[Material provided — start]

(* Let $a\ge 1$ and $n=2^a$. If $\mathcal{S}$ is an $n\times n$ unitary-weight single-symbol decodable STBC transmitting $k$ independent complex symbols over $n$ channel uses, then its rate satisfies $$\frac{k}{2^a}\le\frac{2a}{2^a}=\frac{a}{2^{a-1}}.$$
   Context: A linear square STBC with $k$ complex symbols is given by $2k$ weight matrices $A_{iI},A_{iQ}\in\mathbb{C}^{n\times n}$ ($1\le i\le k$), linearly independent over $\mathbb{R}$, with codewords $S=\sum_{i=1}^k(x_{iI}A_{iI}+x_{iQ}A_{iQ})$, $x_i=x_{iI}+jx_{iQ}$ ranging over a complex constellation; its rate is $k/n$ complex symbols per channel use. It is a unitary-weight single-symbol decodable (SSD) code if: (i) $A_{iI}^HA_{iI}=A_{iQ}^HA_{iQ}=I_n$ for all $i$; (ii) for all $1\le i\ne j\le k$: $A_{iI}^HA_{jQ}+A_{jQ}^HA_{iI}=O_n$, $A_{iI}^HA_{jI}+A_{jI}^HA_{iI}=O_n$, $A_{iQ}^HA_{jQ}+A_{jQ}^HA_{iQ}=O_n$; and (iii) it is not the case that $A_{iI}^HA_{iQ}+A_{iQ}^HA_{iI}=O_n$ for all $i=1,\dots,k$. *)

theory Defs
  imports "HOL-Analysis.Analysis"
begin

definition cadj :: "complex^'n^'n \<Rightarrow> complex^'n^'n" where
  "cadj A = (\<chi> i j. cnj (A $ j $ i))"

text \<open>Unitary-weight single-symbol decodable linear square STBC with k complex symbols,
  weight matrices AI i, AQ i for i < k (indices 0..k-1 instead of 1..k).\<close>
definition uw_ssd_stbc :: "nat \<Rightarrow> (nat \<Rightarrow> complex^'n^'n) \<Rightarrow> (nat \<Rightarrow> complex^'n^'n) \<Rightarrow> bool" where
  "uw_ssd_stbc k AI AQ \<longleftrightarrow>
     \<comment> \<open>the 2k weight matrices are linearly independent over the reals\<close>
     (\<forall>cI cQ :: nat \<Rightarrow> real.
        (\<Sum>i<k. cI i *\<^sub>R AI i + cQ i *\<^sub>R AQ i) = 0 \<longrightarrow> (\<forall>i<k. cI i = 0 \<and> cQ i = 0)) \<and>
     \<comment> \<open>(i) unitary weights\<close>
     (\<forall>i<k. cadj (AI i) ** AI i = mat 1 \<and> cadj (AQ i) ** AQ i = mat 1) \<and>
     \<comment> \<open>(ii) SSD conditions\<close>
     (\<forall>i<k. \<forall>j<k. i \<noteq> j \<longrightarrow>
        cadj (AI i) ** AQ j + cadj (AQ j) ** AI i = 0 \<and>
        cadj (AI i) ** AI j + cadj (AI j) ** AI i = 0 \<and>
        cadj (AQ i) ** AQ j + cadj (AQ j) ** AQ i = 0) \<and>
     \<comment> \<open>(iii) not all AI i, AQ i pairs anticommute in the Hermitian sense\<close>
     \<not> (\<forall>i<k. cadj (AI i) ** AQ i + cadj (AQ i) ** AI i = 0)"

end

theory Submission
  imports Defs
begin

text \<open>Suppose \<open>k > 2a\<close> and let \<open>U\<close> be the first weight \<open>AI 0\<close>. Left multiplication by
  \<open>U\<^sup>H\<close> makes every other weight skew-Hermitian and turns the SSD relations into
  anticommutation relations; in particular \<open>g i = U\<^sup>H AI (i + 1)\<close>, \<open>i < 2a\<close>, are \<open>2a\<close>
  anticommuting skew-Hermitian square roots of \<open>-1\<close> on \<open>\<complex>\<^sup>n\<close>, \<open>n = 2\<^sup>a\<close>. Their \<open>2\<^sup>2\<^sup>a\<close>
  ordered monomials, times \<open>1\<close> and \<open>\<i>\<close>, are orthogonal for \<open>Re tr (X\<^sup>H Y)\<close> and so fill the
  \<open>2n\<^sup>2\<close>-dimensional real space of matrices: only scalars commute with all \<open>g i\<close>. Hence a
  matrix anticommuting with all \<open>g i\<close> but \<open>g j\<close> is, up to the factor 2, \<open>p g j + q \<Gamma>\<^sup>H\<close>, where
  \<open>\<Gamma>\<close> is the product of all generators. Applied to the anticommuting matrices \<open>U\<^sup>H AQ 1\<close> and
  \<open>U\<^sup>H AQ 2\<close> this forces \<open>q q' = 0\<close>, so some \<open>AQ j\<close> is a real multiple of \<open>AI j\<close>, against
  linear independence.\<close>

lemma matrix_add_rdistrib: "((A::'a::semiring_1^'n^'m) + B) ** C = A ** C + B ** C"
  by (simp add: matrix_matrix_mult_def vec_eq_iff distrib_right sum.distrib)

lemma matrix_mul_minus_left: "(- (A::'a::ring_1^'n^'m)) ** B = - (A ** B)"
  by (simp add: matrix_matrix_mult_def vec_eq_iff sum_negf)

lemma matrix_mul_minus_right: "(A::'a::ring_1^'n^'m) ** (- B) = - (A ** B)"
  by (simp add: matrix_matrix_mult_def vec_eq_iff sum_negf)

lemma matrix_diff_ldistrib: "(A::'a::ring_1^'n^'m) ** (B - C) = A ** B - A ** C"
  by (simp add: matrix_matrix_mult_def vec_eq_iff right_diff_distrib sum_subtractf)
(* Let $V$ and $W$ be subsets of normed spaces over $\mathbb{R}$ or $\mathbb{C}$ and $T:V\to W$. Assume that for every $w\in T(V)$ the set $\arg\min\{\|v\|:v\in V,\ T(v)=w\}$ is a singleton. Let $W'=\{w\in W:\arg\min\{\|w_0-w\|:w_0\in T(V)\}\text{ is a singleton}\}$. Then there exists a pseudo-inverse $S:W'\to V$ of $T$, and it is unique.
   Context: Let $V,W$ be subsets of normed spaces over $\mathbb{R}$ or $\mathbb{C}$ and $T:V\to W$. For a set $E\subseteq W$ with either $E\subseteq T(V)$ or $T(V)\subseteq E$, an operator $S:E\to V$ is a pseudo-inverse of $T$ (on $E$) if: (BAS) for every $w\in E$, the minimum $m_w=\min_{v\in V}\|T(v)-w\|$ is attained, the norm attains its minimum on $\{v\in V:\|T(v)-w\|=m_w\}$, and $S(w)\in\arg\min\{\|v\|:v\in V,\ \|T(v)-w\|=m_w\}$; and (MP2) $S(T(S(w)))=S(w)$ for every $w\in E$. *)

theory Defs
  imports "HOL-Analysis.Analysis"
begin

definition argmin_on :: "('a \<Rightarrow> real) \<Rightarrow> 'a set \<Rightarrow> 'a set" where
  "argmin_on f A = {x \<in> A. \<forall>y \<in> A. f x \<le> f y}"

text \<open>When the minimum m_w of norm (T v - w) over V is attained, the set
  of v in V with norm (T v - w) = m_w is exactly argmin_on (\<lambda>v. norm (T v - w)) V.\<close>
definition pseudo_inverse ::
  "'a::real_normed_vector set \<Rightarrow> ('a \<Rightarrow> 'b::real_normed_vector) \<Rightarrow> 'b set \<Rightarrow> ('b \<Rightarrow> 'a) \<Rightarrow> bool" where
  "pseudo_inverse V T E S \<longleftrightarrow>
     (E \<subseteq> T ` V \<or> T ` V \<subseteq> E) \<and>
     (\<forall>w \<in> E.
        argmin_on (\<lambda>v. norm (T v - w)) V \<noteq> {} \<and>
        argmin_on norm (argmin_on (\<lambda>v. norm (T v - w)) V) \<noteq> {} \<and>
        S w \<in> argmin_on norm (argmin_on (\<lambda>v. norm (T v - w)) V)) \<and>
     (\<forall>w \<in> E. S (T (S w)) = S w)"

end

theory Submission
  imports Defs
begin

text \<open>A best approximation of w by T minimises the distance of T v to w, so it is exactly a
  preimage of a nearest point of T(V) to w. When the nearest point p is unique, the minimum-norm
  best approximations are the minimum-norm solutions of T v = p. Hence the pseudo-inverse is
  forced to be the minimum-norm solution for the nearest point, which also gives MP2, since the
  nearest point of T(V) to T(S w) is T(S w) itself.\<close>

lemma argmin_on_comp:
  "argmin_on (\<lambda>x. f (g x)) A = {x \<in> A. g x \<in> argmin_on f (g ` A)}"
  unfolding argmin_on_def by auto

lemma argmin_on_norm_diff_self:
  assumes "w \<in> A"
  shows "argmin_on (\<lambda>y. norm (y - w)) A = {w}"
  using assms unfolding argmin_on_def by auto

lemma argmin_on_best_approx_eq:
  assumes "argmin_on (\<lambda>y. norm (y - w)) (T ` V) = {p}"
  shows "argmin_on norm (argmin_on (\<lambda>v. norm (T v - w)) V) = argmin_on norm {v \<in> V. T v = p}"
  using argmin_on_comp[of "\<lambda>y. norm (y - w)" T V] assms by simp

lemma argmin_on_best_approx_image:
  assumes "v \<in> V"
  shows "argmin_on norm (argmin_on (\<lambda>x. norm (T x - T v)) V)
           = argmin_on norm {x \<in> V. T x = T v}"
  using argmin_on_best_approx_eq[OF argmin_on_norm_diff_self] assms by blast

theorem mainTheorem6:
  fixes V :: "'a::real_normed_vector set" and W :: "'b::real_normed_vector set"
    and T :: "'a \<Rightarrow> 'b"
  assumes "T ` V \<subseteq> W"
    and "\<forall>w \<in> T ` V. \<exists>u. argmin_on norm {v \<in> V. T v = w} = {u}"
  shows "let W' = {w \<in> W. \<exists>u. argmin_on (\<lambda>w0. norm (w0 - w)) (T ` V) = {u}} in
           (\<exists>S. pseudo_inverse V T W' S \<and>
                (\<forall>S'. pseudo_inverse V T W' S' \<longrightarrow> (\<forall>w \<in> W'. S' w = S w)))"
proof -
  define W' where "W' = {w \<in> W. \<exists>u. argmin_on (\<lambda>w0. norm (w0 - w)) (T ` V) = {u}}"
  define B where "B w = argmin_on norm (argmin_on (\<lambda>v. norm (T v - w)) V)" for w
  define S where "S w = (THE u. B w = {u})" for w
  have image_sub: "T ` V \<subseteq> W'"
  proof
    fix w assume "w \<in> T ` V"
    then show "w \<in> W'"
      using assms(1) argmin_on_norm_diff_self[of w "T ` V"] unfolding W'_def by blast
  qed
  have B_singleton: "B w = {S w}" if w: "w \<in> W'" for w
  proof -
    obtain p where p: "argmin_on (\<lambda>y. norm (y - w)) (T ` V) = {p}"
      using w unfolding W'_def by blast
    then have "p \<in> T ` V" unfolding argmin_on_def by blast
    then obtain u where "argmin_on norm {v \<in> V. T v = p} = {u}"
      using assms(2) by blast
    then have "B w = {u}"
      using argmin_on_best_approx_eq[OF p] unfolding B_def by simp
    then show ?thesis unfolding S_def by simp
  qed
  have MP2: "S (T (S w)) = S w" if w: "w \<in> W'" for w
  proof -
    obtain p where p: "argmin_on (\<lambda>y. norm (y - w)) (T ` V) = {p}"
      using w unfolding W'_def by blast
    have "S w \<in> argmin_on norm {v \<in> V. T v = p}"
      using B_singleton[OF w] argmin_on_best_approx_eq[OF p] unfolding B_def by simp
    then have "S w \<in> V" and "T (S w) = p" unfolding argmin_on_def by auto
    then have "B (T (S w)) = B w"
      using argmin_on_best_approx_image[of "S w" V T] argmin_on_best_approx_eq[OF p]
      unfolding B_def by simp
    then show ?thesis using B_singleton[OF w] unfolding S_def by simp
  qed
  have best_approx_nonempty: "argmin_on (\<lambda>v. norm (T v - w)) V \<noteq> {}" if "w \<in> W'" for w
    using B_singleton[OF that] unfolding B_def argmin_on_def by auto
  have "pseudo_inverse V T W' S"
    using image_sub B_singleton best_approx_nonempty MP2
    unfolding pseudo_inverse_def B_def by simp
  moreover have "\<forall>S'. pseudo_inverse V T W' S' \<longrightarrow> (\<forall>w \<in> W'. S' w = S w)"
    using B_singleton unfolding pseudo_inverse_def B_def by blast
  ultimately show ?thesis unfolding Let_def W'_def[symmetric] by (intro exI[of _ S] conjI)
qed

end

[Material provided — finish]

Within this data, count the lines that include the string "unique" and write the number with nothing else.

2